Emergent Behaviors in R1-Zero
During RL training, several behaviors emerge without explicit supervision: - Self-verification: The model re-checks its own intermediate steps - Reflection/backtracking: When the model detects an error, it revisits earlier reasoning ("Wait, that doesn't seem right...") - Adaptive compute: The model generates longer reasoning chains for harder problems, effectively performing test-time compute scaling - "Aha moment": A documented phase transition where the model's average response length suddenly increases as it discovers that longer reasoning leads to higher rewards
Results

Main Results (DeepSeek-R1 vs. frontier models)

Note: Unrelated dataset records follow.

lemma tendsto_integral_inner_L2:
  fixes ak bk :: "nat \<Rightarrow> 'a \<Rightarrow> 'b::euclidean_space" and a b :: "'a \<Rightarrow> 'b"
  assumes [measurable]: "\<And>k. ak k \<in> borel_measurable M" "\<And>k. bk k \<in> borel_measurable M"
      "a \<in> borel_measurable M" "b \<in> borel_measurable M"
    and L2: "\<And>k. integrable M (\<lambda>x. (norm (ak k x))\<^sup>2)" "integrable M (\<lambda>x. (norm (a x))\<^sup>2)"
      "\<And>k. integrable M (\<lambda>x. (norm (bk k x))\<^sup>2)" "integrable M (\<lambda>x. (norm (b x))\<^sup>2)"
    and conv_a: "(\<lambda>k. \<integral>x. (norm (ak k x - a x))\<^sup>2 \<partial>M) \<longlonglongrightarrow> 0"
    and conv_b: "(\<lambda>k. \<integral>x. (norm (bk k x - b x))\<^sup>2 \<partial>M) \<longlonglongrightarrow> 0"
  shows "(\<lambda>k. \<integral>x. ak k x \<bullet> bk k x \<partial>M) \<longlonglongrightarrow> (\<integral>x. a x \<bullet> b x \<partial>M)"
proof (rule LIM_zero_cancel, rule Lim_null_comparison)
  define dA where "dA k = sqrt (\<integral>x. (norm (ak k x - a x))\<^sup>2 \<partial>M)" for k
  define dB where "dB k = sqrt (\<integral>x. (norm (bk k x - b x))\<^sup>2 \<partial>M)" for k
  define nA where "nA = sqrt (\<integral>x. (norm (a x))\<^sup>2 \<partial>M)"
  define nB where "nB = sqrt (\<integral>x. (norm (b x))\<^sup>2 \<partial>M)"
  have L2_diff: "integrable M (\<lambda>x. (norm (ak k x - a x))\<^sup>2)" "integrable M (\<lambda>x. (norm (bk k x - b x))\<^sup>2)"
    for k by (intro integrable_norm_sq_diff L2; measurable)+
  show "\<forall>\<^sub>F k in sequentially. norm ((\<integral>x. ak k x \<bullet> bk k x \<partial>M) - (\<integral>x. a x \<bullet> b x \<partial>M))
      \<le> dA k * dB k + dA k * nB + nA * dB k"
  proof (intro always_eventually allI)
    fix k
    have "(\<integral>x. ak k x \<bullet> bk k x \<partial>M) - (\<integral>x. a x \<bullet> b x \<partial>M)
      = (\<integral>x. (ak k x - a x) \<bullet> (bk k x - b x) + (ak k x - a x) \<bullet> b x + a x \<bullet> (bk k x - b x) \<partial>M)"
      using L2 L2_diff[of k]
      by (simp add: integrable_inner_L2 inner_diff_left inner_diff_right flip: Bochner_Integration.integral_diff)
    also have "\<dots> = (\<integral>x. (ak k x - a x) \<bullet> (bk k x - b x) \<partial>M) + (\<integral>x. (ak k x - a x) \<bullet> b x \<partial>M)
        + (\<integral>x. a x \<bullet> (bk k x - b x) \<partial>M)"
      using L2 L2_diff[of k] by (simp add: integrable_inner_L2)
    finally show "norm ((\<integral>x. ak k x \<bullet> bk k x \<partial>M) - (\<integral>x. a x \<bullet> b x \<partial>M))
        \<le> dA k * dB k + dA k * nB + nA * dB k"
      using abs_integral_inner_le[of "\<lambda>x. ak k x - a x" M "\<lambda>x. bk k x - b x"]
        abs_integral_inner_le[of "\<lambda>x. ak k x - a x" M b] abs_integral_inner_le[of a M "\<lambda>x. bk k x - b x"]
        L2 L2_diff[of k]
      unfolding dA_def dB_def nA_def nB_def by simp
  qed
  have "dA \<longlonglongrightarrow> 0" "dB \<longlonglongrightarrow> 0"
    unfolding dA_def[abs_def] dB_def[abs_def]
    using tendsto_real_sqrt[OF conv_a] tendsto_real_sqrt[OF conv_b] by simp_all
  then show "(\<lambda>k. dA k * dB k + dA k * nB + nA * dB k) \<longlonglongrightarrow> 0"
    by (auto intro!: tendsto_eq_intros)
qed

| Model | AIME 2024 (pass@1) | MATH-500 | MMLU | LiveCodeBench | Codeforces | GPQA Diamond |
|---|---|---|---|---|---|---|
| DeepSeek-R1 | 79.8% | 97.3% | 90.8% | 65.9% | 2029 Elo | 71.5% |
| OpenAI-o1-1217 | 79.2% | 96.4% | 91.8% | 63.4% | 2061 Elo | 75.7% |
| DeepSeek-R1-Zero | 77.9% | 95.9% | -- | -- | -- | -- |
| DeepSeek-V3 | 39.2% | 90.2% | 88.5% | -- | -- | 59.1% |
| Claude-3.5-Sonnet | 16.0% | 78.3% | 88.3% | -- | -- | 65.0% |
| GPT-4o | 9.3% | 74.6% | 87.2% | -- | -- | 53.6% |
Distillation Results
| Model | AIME 2024 | MATH-500 | LiveCodeBench | GPQA Diamond |
|---|---|---|---|---|
| DeepSeek-R1-Distill-Qwen-32B | 72.6% | 94.3% | 57.2% | 62.1% |
| DeepSeek-R1-Distill-Qwen-14B | 69.7% | 93.9% | 53.1% | 59.1% |
| DeepSeek-R1-Distill-Qwen-7B | 55.5% | 92.8% | 37.6% | 49.1% |
| DeepSeek-R1-Distill-Qwen-1.5B | 28.9% | 83.9% | 16.9% | 33.8% |
| QwQ-32B-Preview | 50.0% | 90.6% | 41.9% | 54.5% |
| GPT-4o-0513 | 9.3% | 74.6% | -- | 53.6% |
The distilled 14B model outperforms QwQ-32B-Preview across all benchmarks despite being less than half the size. The 1.5B distilled model surpasses GPT-4o on AIME and MATH.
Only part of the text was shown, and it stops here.